AMBULANCE bosses have published their final plan to turn around the failing service.
The integrated action plan includes hiring 351 more frontline staff by March and increasing the number of double-staffed ambulances by 31.
Other aims from the East of England Ambulance Service report include moving £20million from back office to frontline spending, cutting crew turnaround times at hospitals and reducing the staff sickness level.
Savings of £4.2million will be made by not filling “unnecessary’’ vacancies.

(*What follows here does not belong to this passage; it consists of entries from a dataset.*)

(* Let $\Phi$ be a dictionary with coherence $\mu$ and Babel function $\mu_1$, let $m\ge1$ with $m<\tfrac12(\mu^{-1}+1)$, let $y=\Phi x^*$ be an $m$-sparse signal, and let $\beta>0$. Then every iterate $x_k$ of the Frank-Wolfe algorithm for Problem (P$_\beta$) satisfies $$\|x_k\|_1\le 2\|y\|_2\sqrt{\frac{m}{1-\mu_1(m-1)}}.$$
   Context: A dictionary is a matrix $\Phi=[\varphi_1,\dots,\varphi_n]\in\mathbb{R}^{d\times n}$ whose columns (atoms) satisfy $\|\varphi_i\|_2=1$. Its coherence is $\mu=\max_{j\neq k}|\langle\varphi_j,\varphi_k\rangle|$, and its Babel function is $\mu_1(p)=\max_{|\Lambda|=p}\max_{i\notin\Lambda}\sum_{j\in\Lambda}|\langle\varphi_i,\varphi_j\rangle|$ for $p\ge1$, with $\mu_1(0)=0$. A signal $y\in\mathbb{R}^d$ is $m$-sparse if $y=\Phi x^*$ for some $x^*\in\mathbb{R}^n$ with at most $m$ nonzero entries. Problem (P$_\beta$): minimize $f(x)=\tfrac12\|y-\Phi x\|_2^2$ over $B_1(\beta)=\{x\in\mathbb{R}^n:\|x\|_1\le\beta\}$. Frank-Wolfe algorithm for (P$_\beta$): set $x_0=0$. For $k=0,1,2,\dots$: let $r_k=y-\Phi x_k$; choose $i_k\in\arg\max_{i}|\langle\varphi_i,r_k\rangle|$ (any maximizer); set $s_k=\operatorname{sign}(\langle\varphi_{i_k},r_k\rangle)\,\beta\, e_{i_k}$ ($e_i$ the canonical basis vectors, $\operatorname{sign}(0)\in\{\pm1\}$ arbitrary); choose $\gamma_k\in\arg\min_{\gamma\in[0,1]}\|y-\Phi(x_k+\gamma(s_k-x_k))\|_2^2$; set $x_{k+1}=x_k+\gamma_k(s_k-x_k)$. *)

theory Defs
  imports "HOL-Analysis.Analysis"
begin

definition dict_apply :: "('n::finite \<Rightarrow> real^'d) \<Rightarrow> ('n \<Rightarrow> real) \<Rightarrow> real^'d" where
  "dict_apply Phi x = (\<Sum>i\<in>UNIV. x i *\<^sub>R Phi i)"

definition l1norm :: "('n::finite \<Rightarrow> real) \<Rightarrow> real" where
  "l1norm x = (\<Sum>i\<in>UNIV. \<bar>x i\<bar>)"

text \<open>Coherence: maximum of absolute inner products of distinct atoms
  (convention: 0 if there is only one atom).\<close>
definition coherence :: "('n::finite \<Rightarrow> real^'d) \<Rightarrow> real" where
  "coherence Phi = Max ({\<bar>Phi j \<bullet> Phi k\<bar> | j k. j \<noteq> k} \<union> {0})"

definition babel :: "('n::finite \<Rightarrow> real^'d) \<Rightarrow> nat \<Rightarrow> real" where
  "babel Phi p = (if p = 0 then 0 else
     Max {(\<Sum>j\<in>L. \<bar>Phi i \<bullet> Phi j\<bar>) | L i. card L = p \<and> i \<notin> L})"

text \<open>One Frank-Wolfe step for minimising 1/2 ||y - Phi x||^2 over the l1-ball of radius beta,
  with arbitrary choice of the maximiser, of the sign when the inner product is 0,
  and of the exact line-search minimiser.\<close>
definition fw_step :: "('n::finite \<Rightarrow> real^'d) \<Rightarrow> real^'d \<Rightarrow> real \<Rightarrow> ('n \<Rightarrow> real) \<Rightarrow> ('n \<Rightarrow> real) \<Rightarrow> bool" where
  "fw_step Phi y beta xk xk' \<longleftrightarrow>
     (let r = y - dict_apply Phi xk in
      \<exists>i \<sigma> \<gamma>.
        (\<forall>j. \<bar>Phi j \<bullet> r\<bar> \<le> \<bar>Phi i \<bullet> r\<bar>) \<and>
        \<sigma> \<in> {-1, 1} \<and> (Phi i \<bullet> r \<noteq> 0 \<longrightarrow> \<sigma> = sgn (Phi i \<bullet> r)) \<and>
        (let s = (\<lambda>j. if j = i then \<sigma> * beta else 0) in
          \<gamma> \<in> {0..1} \<and>
          (\<forall>g\<in>{0..1}. (norm (y - dict_apply Phi (\<lambda>j. xk j + \<gamma> * (s j - xk j))))\<^sup>2
                       \<le> (norm (y - dict_apply Phi (\<lambda>j. xk j + g * (s j - xk j))))\<^sup>2) \<and>
          xk' = (\<lambda>j. xk j + \<gamma> * (s j - xk j))))"

definition fw_iterates :: "('n::finite \<Rightarrow> real^'d) \<Rightarrow> real^'d \<Rightarrow> real \<Rightarrow> (nat \<Rightarrow> 'n \<Rightarrow> real) \<Rightarrow> bool" where
  "fw_iterates Phi y beta xs \<longleftrightarrow>
     xs 0 = (\<lambda>_. 0) \<and> (\<forall>k. fw_step Phi y beta (xs k) (xs (Suc k)))"

end

theory Submission
  imports Defs
begin

text \<open>Frank-Wolfe never leaves the support \<open>S\<close> of \<open>x\<^sup>*\<close>: while the residual
  \<open>r = \<Phi>(x\<^sup>* - x\<^sub>k)\<close> is nonzero, the coherence condition \<open>(2|S| - 1)\<mu> < 1\<close>
  makes some atom of \<open>S\<close> strictly more correlated with \<open>r\<close> than every atom outside \<open>S\<close>,
  and once \<open>r = 0\<close> the exact line search cannot move. The line search also makes
  \<open>\<parallel>y - \<Phi>x\<^sub>k\<parallel>\<close> non-increasing, so \<open>\<parallel>\<Phi>x\<^sub>k\<parallel> \<le> 2\<parallel>y\<parallel>\<close>. For \<open>x\<close> supported on
  \<open>m\<close> atoms, Gershgorin's bound in terms of the Babel function gives
  \<open>\<parallel>\<Phi>x\<parallel>\<^sup>2 \<ge> (1 - \<mu>\<^sub>1(m - 1)) \<parallel>x\<parallel>\<^sub>2\<^sup>2\<close>, and \<open>\<parallel>x\<parallel>\<^sub>1 \<le> \<surd>m \<parallel>x\<parallel>\<^sub>2\<close> finishes.\<close>

lemma dict_apply_zero [simp]: "dict_apply Phi (\<lambda>_. 0) = 0"
  by (simp add: dict_apply_def)

lemma dict_apply_diff: "dict_apply Phi (\<lambda>l. a l - b l) = dict_apply Phi a - dict_apply Phi b"
  by (simp add: dict_apply_def scaleR_diff_left sum_subtractf)

lemma dict_apply_supported:
  assumes "{l. x l \<noteq> 0} \<subseteq> T"
  shows "dict_apply Phi x = (\<Sum>l\<in>T. x l *\<^sub>R Phi l)"
  unfolding dict_apply_def by (rule sum.mono_neutral_right) (use assms in auto)

lemma inner_dict_apply_supported:
  assumes "{l. x l \<noteq> 0} \<subseteq> T"
  shows "Phi j \<bullet> dict_apply Phi x = (\<Sum>l\<in>T. x l * (Phi j \<bullet> Phi l))"
  by (simp add: dict_apply_supported[OF assms] inner_sum_right)

lemma inner_unit_self: "norm v = 1 \<Longrightarrow> v \<bullet> v = 1"
  by (metis power2_norm_eq_inner power_one)

lemma exists_max_abs_coefficient:
  fixes d :: "'n::finite \<Rightarrow> real"
  assumes "d l \<noteq> 0"
  obtains j where "d j \<noteq> 0" "\<And>l. \<bar>d l\<bar> \<le> \<bar>d j\<bar>"
proof -
  have "Max (range (\<lambda>l. \<bar>d l\<bar>)) \<in> range (\<lambda>l. \<bar>d l\<bar>)" by (rule Max_in) simp_all
  then obtain j where j: "\<bar>d j\<bar> = Max (range (\<lambda>l. \<bar>d l\<bar>))" by (metis rangeE)
  then have "\<bar>d l\<bar> \<le> \<bar>d j\<bar>" for l by simp
  with assms show thesis by (intro that[of j]) force+
qed

lemma finite_coherence_values:
  "finite ({\<bar>Phi j \<bullet> Phi k\<bar> | j k. (j::'n::finite) \<noteq> k} \<union> {0})"
proof -
  have "{\<bar>Phi j \<bullet> Phi k\<bar> | j k. j \<noteq> k} \<subseteq> range (\<lambda>(j, k). \<bar>Phi j \<bullet> Phi k\<bar>)" by auto
  then show ?thesis by (simp add: finite_subset)
qed

lemma abs_inner_le_coherence:
  fixes Phi :: "'n::finite \<Rightarrow> real^'d"
  assumes "j \<noteq> k"
  shows "\<bar>Phi j \<bullet> Phi k\<bar> \<le> coherence Phi"
  unfolding coherence_def by (rule Max_ge[OF finite_coherence_values]) (use assms in auto)

lemma coherence_nonneg: "0 \<le> coherence (Phi :: 'n::finite \<Rightarrow> real^'d)"
  unfolding coherence_def by (rule Max_ge[OF finite_coherence_values]) auto

lemma finite_babel_values:
  "finite {(\<Sum>j\<in>L. \<bar>Phi i \<bullet> Phi j\<bar>) | L i. card L = p \<and> (i::'n::finite) \<notin> L}"
proof -
  have "{(\<Sum>j\<in>L. \<bar>Phi i \<bullet> Phi j\<bar>) | L i. card L = p \<and> i \<notin> L}
      \<subseteq> range (\<lambda>(L, i). \<Sum>j\<in>L. \<bar>Phi i \<bullet> Phi j\<bar>)" by auto
  then show ?thesis by (rule finite_subset) simp
qed

lemma sum_abs_inner_le_babel:
  fixes Phi :: "'n::finite \<Rightarrow> real^'d"
  assumes "i \<notin> L" "card L \<le> p" "p < CARD('n)"
  shows "(\<Sum>j\<in>L. \<bar>Phi i \<bullet> Phi j\<bar>) \<le> babel Phi p"
proof (cases "p = 0")
  case True
  with assms show ?thesis by (simp add: babel_def)
next
  case False
  have "card (insert i L) = card L + 1" using assms(1) by simp
  then have "p - card L \<le> card (UNIV - insert i L)"
    using assms by (simp add: card_Diff_subset)
  then obtain C where C: "C \<subseteq> UNIV - insert i L" "card C = p - card L"
    by (meson obtain_subset_with_card_n)
  have card_LC: "card (L \<union> C) = p"
    using C assms(2) by (subst card_Un_disjoint) auto
  have "(\<Sum>j\<in>L. \<bar>Phi i \<bullet> Phi j\<bar>) \<le> (\<Sum>j\<in>L \<union> C. \<bar>Phi i \<bullet> Phi j\<bar>)"
    by (rule sum_mono2) auto
  also have "\<dots> \<le> babel Phi p"
  proof -
    have "i \<notin> L \<union> C" using assms(1) C(1) by blast
    with card_LC False show ?thesis
      unfolding babel_def by (auto intro!: Max_ge[OF finite_babel_values])
  qed
  finally show ?thesis .
qed

lemma babel_le_coherence:
  fixes Phi :: "'n::finite \<Rightarrow> real^'d"
  assumes "p < CARD('n)"
  shows "babel Phi p \<le> real p * coherence Phi"
proof (cases "p = 0")
  case True
  then show ?thesis by (simp add: babel_def)
next
  case False
  obtain i :: 'n where True by simp
  have "p \<le> card (UNIV - {i})" using assms by (simp add: card_Diff_singleton)
  then obtain L where "L \<subseteq> UNIV - {i}" "card L = p" by (meson obtain_subset_with_card_n)
  then have nonempty: "{(\<Sum>j\<in>L. \<bar>Phi i \<bullet> Phi j\<bar>) | L i. card L = p \<and> i \<notin> L} \<noteq> {}" by blast
  have "(\<Sum>j\<in>L. \<bar>Phi i \<bullet> Phi j\<bar>) \<le> real p * coherence Phi" if "card L = p" "i \<notin> L" for L i
  proof -
    have "(\<Sum>j\<in>L. \<bar>Phi i \<bullet> Phi j\<bar>) \<le> (\<Sum>j\<in>L. coherence Phi)"
      by (rule sum_mono) (use that abs_inner_le_coherence in metis)
    with that show ?thesis by simp
  qed
  then show ?thesis
    unfolding babel_def using False by (auto intro!: Max.boundedI[OF finite_babel_values nonempty])
qed

lemma quadratic_form_ge_diagonally_dominant:
  fixes G :: "'a \<Rightarrow> 'a \<Rightarrow> real"
  assumes S: "finite S"
    and sym: "\<And>i j. G i j = G j i"
    and diag: "\<And>i. i \<in> S \<Longrightarrow> G i i = 1"
    and rows: "\<And>i. i \<in> S \<Longrightarrow> (\<Sum>j\<in>S-{i}. \<bar>G i j\<bar>) \<le> b"
  shows "(1 - b) * (\<Sum>i\<in>S. (x i)\<^sup>2) \<le> (\<Sum>i\<in>S. \<Sum>j\<in>S. x i * x j * G i j)"
proof -
  define A where "A i j = (if i = j then 0 else \<bar>G i j\<bar>)" for i j
  have A_sym: "A i j = A j i" for i j unfolding A_def using sym[of i j] by auto
  have A_rows: "(\<Sum>j\<in>S. A i j) \<le> b" if "i \<in> S" for i
  proof -
    have "(\<Sum>j\<in>S. A i j) = (\<Sum>j\<in>S-{i}. \<bar>G i j\<bar>)"
      unfolding sum.remove[OF S that] A_def by (simp, intro sum.cong) auto
    with rows[OF that] show ?thesis by simp
  qed
  \<comment> \<open>Off the diagonal, \<open>2 \<bar>x\<^sub>i x\<^sub>j\<bar> \<le> x\<^sub>i\<^sup>2 + x\<^sub>j\<^sup>2\<close>.\<close>
  have entry: "(if i = j then (x i)\<^sup>2 else 0) - A i j * (x i)\<^sup>2 / 2 - A i j * (x j)\<^sup>2 / 2
      \<le> x i * x j * G i j" if "i \<in> S" for i j
  proof (cases "i = j")
    case True
    then show ?thesis using diag[OF that] by (simp add: A_def power2_eq_square)
  next
    case False
    have "\<bar>G i j\<bar> * (2 * \<bar>x i\<bar> * \<bar>x j\<bar>) \<le> \<bar>G i j\<bar> * ((x i)\<^sup>2 + (x j)\<^sup>2)"
      using sum_squares_bound[of "\<bar>x i\<bar>" "\<bar>x j\<bar>"] by (intro mult_left_mono) simp_all
    moreover have "- (\<bar>G i j\<bar> * (\<bar>x i\<bar> * \<bar>x j\<bar>)) \<le> x i * x j * G i j"
      by (metis abs_ge_minus_self abs_mult minus_le_iff mult.commute)
    ultimately show ?thesis using False by (simp add: A_def algebra_simps)
  qed
  have "(\<Sum>i\<in>S. \<Sum>j\<in>S. A i j * (x i)\<^sup>2) = (\<Sum>i\<in>S. (x i)\<^sup>2 * (\<Sum>j\<in>S. A i j))"
    by (simp add: sum_distrib_right mult.commute)
  also have "\<dots> \<le> (\<Sum>i\<in>S. (x i)\<^sup>2 * b)"
    by (intro sum_mono mult_left_mono A_rows) simp_all
  finally have off_diagonal: "(\<Sum>i\<in>S. \<Sum>j\<in>S. A i j * (x i)\<^sup>2) \<le> b * (\<Sum>i\<in>S. (x i)\<^sup>2)"
    by (simp add: sum_distrib_left mult.commute)
  have off_diagonal_swap: "(\<Sum>i\<in>S. \<Sum>j\<in>S. A i j * (x j)\<^sup>2) = (\<Sum>i\<in>S. \<Sum>j\<in>S. A i j * (x i)\<^sup>2)"
    by (subst sum.swap) (simp add: A_sym)
  have lower: "(\<Sum>i\<in>S. \<Sum>j\<in>S. (if i = j then (x i)\<^sup>2 else 0) - A i j * (x i)\<^sup>2 / 2 - A i j * (x j)\<^sup>2 / 2)
      \<le> (\<Sum>i\<in>S. \<Sum>j\<in>S. x i * x j * G i j)"
    by (intro sum_mono entry)
  have "(\<Sum>i\<in>S. \<Sum>j\<in>S. (if i = j then (x i)\<^sup>2 else 0) - A i j * (x i)\<^sup>2 / 2 - A i j * (x j)\<^sup>2 / 2)
      = (\<Sum>i\<in>S. (x i)\<^sup>2) - (\<Sum>i\<in>S. \<Sum>j\<in>S. A i j * (x i)\<^sup>2) / 2
        - (\<Sum>i\<in>S. \<Sum>j\<in>S. A i j * (x j)\<^sup>2) / 2"
    using S by (simp add: sum_subtractf sum_divide_distrib)
  with lower off_diagonal off_diagonal_swap show ?thesis by (simp add: algebra_simps)
qed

Making sure no roles are duplicated will save £10million and a further £5.8million is being sought from other sources not relating to pay.
The trust also aims to reduce its reliance on private ambulances, which are currently used as cover when during staff or ambulance shortages.
The trust came in for criticism after some patients reported waiting hours for ambulances while others who were attended by a single paramedic then said they had to wait hours for an ambulance to arrive.
MPs called for action while the Care Quality Commission raised issues over management.
Interim trust chairman Dr Geoffrey Harris said: “There is a greater demand on our service every year and we have to balance that demand with meeting public expectation, the ways in which we can and should operate and the context of the economic climate we have to work with.
“The integrated plan will be the trust’s foundation in informing how we will deliver this safe, quality and sustainable care for patients into the future and the leadership the board provides is pivotal to that too.”
The latest plan builds on an interim strategy put forward by interim chief executive Andrew Morgan in March.
Mr Morgan said: “A great deal of hard work went into pulling together the new integrated plan to ensure we covered the recommendations in the independent governance review, the issues raised by the Care Quality Commission and our own turnaround plan published in April.
“In essence, we focus on how we need more frontline staff and ambulances, the ways in which we can be more efficient and the strong leadership needed for all teams.
“We have been working for some months now on tackling these issues, such as starting a recruitment drive for paramedics, and reducing sickness levels and our private ambulance service provision, and the aims within this plan quite clearly support our position as a forward-looking trust which knows what needs to happen.”